Hi folks,

I’m interested in having dedicated simulation methods for models defined in greta. (At Nick’s suggestion I’m posting here to follow up on the thread in Issue https://github.com/greta-dev/greta/issues/269). I think this would be useful for instructional / explorational purposes, where it would be easy to simulate sample data of varying sizes from a specified model and then fit that model directly. (Of course it’s usually pretty simple to write a stochastic model directly in R, but it feels somewhat silly & possibly error-prone to have two separate definitions of the same model).

I’m particularly interested in time-series simulations, which can be fit from a vector model but require a `for`

loop syntax to simulate, but haven’t worked out an example of what that would look like in this case. (In the thread linked above, Nick also hints at some optimization that can be done for `for`

loops, which I’d love to learn more about.

Here’s the example I posed in the original thread:

e.g. let’s say I want to simulate logistic growth with some Gaussian random noise:

```
# priors
r <- uniform(0, 1)
K <- uniform(0, 10)
sigma <- uniform(0, 1)
# Model
mean <- x_t + r * x_t * (1 - x_t / K)
distribution(x_t1) <- normal(mean, sigma * x_t)
m <- model(x_t, x_t1) # ERROR, this is not valid syntax
```

(I put priors in there but would also like to simulate with fixed values of parameters; but in any event as discussed in #286, I think the trick is how to simulate `N`

samples of the data (the ordered pairs `x_t`

and `x_t1`

), not just drawing of the parameter values from the priors.

To make this concrete, here’s an example the same example in perfectly valid code in `nimble`

:

```
library(nimble)
logistic <- nimbleCode({
K ~ dunif(0,2)
r ~ dunif(0,1)
sigma ~ dunif(0,1)
x[1] <- x0
for(t in 1:(N-1)){
mu[t] <- x[t] + x[t] * r * (1 - x[t] / K)
y[t] <- x[t] * sigma
x[t+1] ~ dnorm(mu[t], sd = y[t])
}
})
constants <- list(N = 1e2, x0 = 0.2)
inits <- list(r = 0.05, K = 2, sigma = 0.02)
model <- nimbleModel(logistic, constants = constants, inits = inits)
set.seed(123)
# note we define the 'data' nodes that need to be simulated
simulate(model, nodes = c("mu", "x", "y"))
# extract simulated data & plot to see results
df <- tibble(t = seq_along(model$x), x = model$x)
df %>% ggplot(aes(t,x)) + geom_point()
```

Clearly the `nimble`

syntax is a bit more verbose, and of course the above loop could be written with `rnorm`

in pure R as well. At least the `nimble`

syntax it makes it clear that I’m simulating length-N vector `x`

(and ‘internal’ variables `y`

and `mu`

which are I think just needed as a limitation of the syntax). Thoughts on this welcome!

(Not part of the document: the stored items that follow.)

(* Fix $\lambda>1$. There exists $\beta_0>0$ such that for every $\beta\in[0,\beta_0)$ there exists a value $\alpha_0=\alpha_0(\beta)>0$ such that the sequence $\{\alpha_j\}_{j\ge 0}$ generated from $\alpha_{-1}=0$ and this $\alpha_0$ by the recursion below, together with $a_j^*:=\lambda^{-j}\alpha_j$, satisfies $$a_j^*\approx \mathrm{const}(\beta)\cdot\lambda^{-j/3}\quad\text{as } j\to\infty,$$ i.e. there is a constant $C(\beta)>0$ with $a_j^*/(C(\beta)\lambda^{-j/3})\to 1$ as $j\to\infty$.
   Context: The recursion is as follows. For $\beta>0$ and $n\ge 0$: $$\alpha_{n+1}=-\frac{\lambda}{2\beta}\alpha_n+\sqrt{\Big(\frac{\lambda}{2\beta}\alpha_n\Big)^2+\frac{\lambda}{\beta}\big(\lambda^2\alpha_{n-1}^2+\beta\lambda\alpha_{n-1}\alpha_n+\alpha_n\big)}.$$ For $\beta=0$ and $n\ge0$: $\alpha_{n+1}=1+\lambda^2\frac{\alpha_{n-1}^2}{\alpha_n}$. (These recursions arise from seeking self-similar solutions $a_j(t)=a_j^*/(t-t_0)$ of the dyadic system $\frac{da_j}{dt}=\lambda^j a_{j-1}^2-\lambda^{j+1}a_ja_{j+1}+\beta(\lambda^j a_{j-1}a_j-\lambda^{j+1}a_{j+1}^2)$, $j\ge0$, with boundary condition $a_{-1}\equiv 0$; the relation $a_j^*\approx \mathrm{const}\cdot\lambda^{-j/3}$ means the ratio tends to $1$.) *)

theory Defs
  imports Complex_Main
begin

definition alpha_step :: "real \<Rightarrow> real \<Rightarrow> real \<Rightarrow> real \<Rightarrow> real" where
  "alpha_step lam beta a b =
     (if beta = 0 then 1 + lam^2 * a^2 / b
      else - (lam / (2*beta)) * b
           + sqrt ((lam / (2*beta) * b)^2 + (lam / beta) * (lam^2 * a^2 + beta * lam * a * b + b)))"

text \<open>Shifted sequence: alpha_seq lam beta a0 k = alpha_{k-1}; i.e. alpha_{-1} = 0, alpha_0 = a0.\<close>
fun alpha_seq_shift :: "real \<Rightarrow> real \<Rightarrow> real \<Rightarrow> nat \<Rightarrow> real" where
  "alpha_seq_shift lam beta a0 0 = 0"
| "alpha_seq_shift lam beta a0 (Suc 0) = a0"
| "alpha_seq_shift lam beta a0 (Suc (Suc n)) =
     alpha_step lam beta (alpha_seq_shift lam beta a0 n) (alpha_seq_shift lam beta a0 (Suc n))"

definition alpha :: "real \<Rightarrow> real \<Rightarrow> real \<Rightarrow> nat \<Rightarrow> real" where
  "alpha lam beta a0 j = alpha_seq_shift lam beta a0 (Suc j)"

end

theory Submission imports Defs "HOL-Analysis.Analysis" begin

(* Put mu = lam powr (2/3), so that mu^3 = lam^2. One step of the recursion solves
   b f + (beta / lam) f^2 = lam^2 a^2 + beta lam a b + b  for f = alpha_(n+1), and growth like mu^j
   balances its leading terms. For small beta an orbit touching the lower edge of the strip
   mu alpha_k <= alpha_(k+1) <= mu alpha_k + 1/mu is pushed strictly above its upper edge at the
   next step, and vice versa. Hence the two edge defects, continuous in alpha_0, change sign in
   alternation on nested intervals of initial values whose orbits stay in the strip up to step n,
   and compactness gives an alpha_0 whose whole orbit stays in the strip. Along it alpha_j / mu^j
   increases and is bounded, so it tends to some L > 0, and
   lam^-j alpha_j = (alpha_j / mu^j) lam^(-j/3) ~ L lam^(-j/3). *)

lemma alpha_step_pos_and_equation:
  assumes lam: "lam > 0" and beta: "beta \<ge> 0" and a: "a \<ge> 0" and b: "b > 0"
  shows "alpha_step lam beta a b > 0"
    and "b * alpha_step lam beta a b + beta / lam * (alpha_step lam beta a b)^2
           = lam^2 * a^2 + beta * lam * a * b + b"
proof -
  define R where "R = lam^2 * a^2 + beta * lam * a * b + b"
  have R: "R > 0" unfolding R_def using a b beta lam by (intro add_nonneg_pos) auto
  have "alpha_step lam beta a b > 0
      \<and> b * alpha_step lam beta a b + beta / lam * (alpha_step lam beta a b)^2 = R"
  proof (cases "beta = 0")
    case True
    then show ?thesis
      using b lam a unfolding R_def by (simp add: alpha_step_def field_simps add_pos_nonneg)
  next
    case False
    hence "beta > 0" using beta by simp
    define k where "k = lam / (2 * beta)"
    define D where "D = (k * b)^2 + (lam / beta) * R"
    have k: "k > 0" unfolding k_def using lam \<open>beta > 0\<close> by simp
    have D: "D > (k * b)^2" unfolding D_def using R lam \<open>beta > 0\<close> by simp
    have sqrt_D: "sqrt D > k * b"
      using D k b by (metis abs_of_pos mult_pos_pos real_less_rsqrt real_sqrt_abs)
    have step: "alpha_step lam beta a b = sqrt D - k * b"
      using False unfolding alpha_step_def D_def R_def k_def by (simp add: algebra_simps)
    \<comment> \<open>\<open>sqrt D - k b\<close> is the positive root of the quadratic, because \<open>(beta / lam) (2 k) = 1\<close>.\<close>
    have "b * (sqrt D - k * b) + beta / lam * (sqrt D - k * b)^2
        = beta / lam * ((sqrt D)^2 - (k * b)^2)
          + (1 - beta / lam * (2 * k)) * (b * (sqrt D - k * b))"
      by (simp add: power2_eq_square algebra_simps)
    also have "\<dots> = R"
      using D lam \<open>beta > 0\<close> unfolding D_def k_def
      by (simp add: order_trans[OF zero_le_power2 less_imp_le])
    finally show ?thesis using step sqrt_D by simp
  qed
  then show "alpha_step lam beta a b > 0"
    and "b * alpha_step lam beta a b + beta / lam * (alpha_step lam beta a b)^2
           = lam^2 * a^2 + beta * lam * a * b + b"
    unfolding R_def by auto
qed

An implementation in tensorflow backend would be great, not sure how often the performance would be needed/better that way, but I think it would keep the internals more consistent that way? I’m also happy with a pure-R implementation but I think there’s still syntax things to be hammered out (or at least for me to wrap my head around!)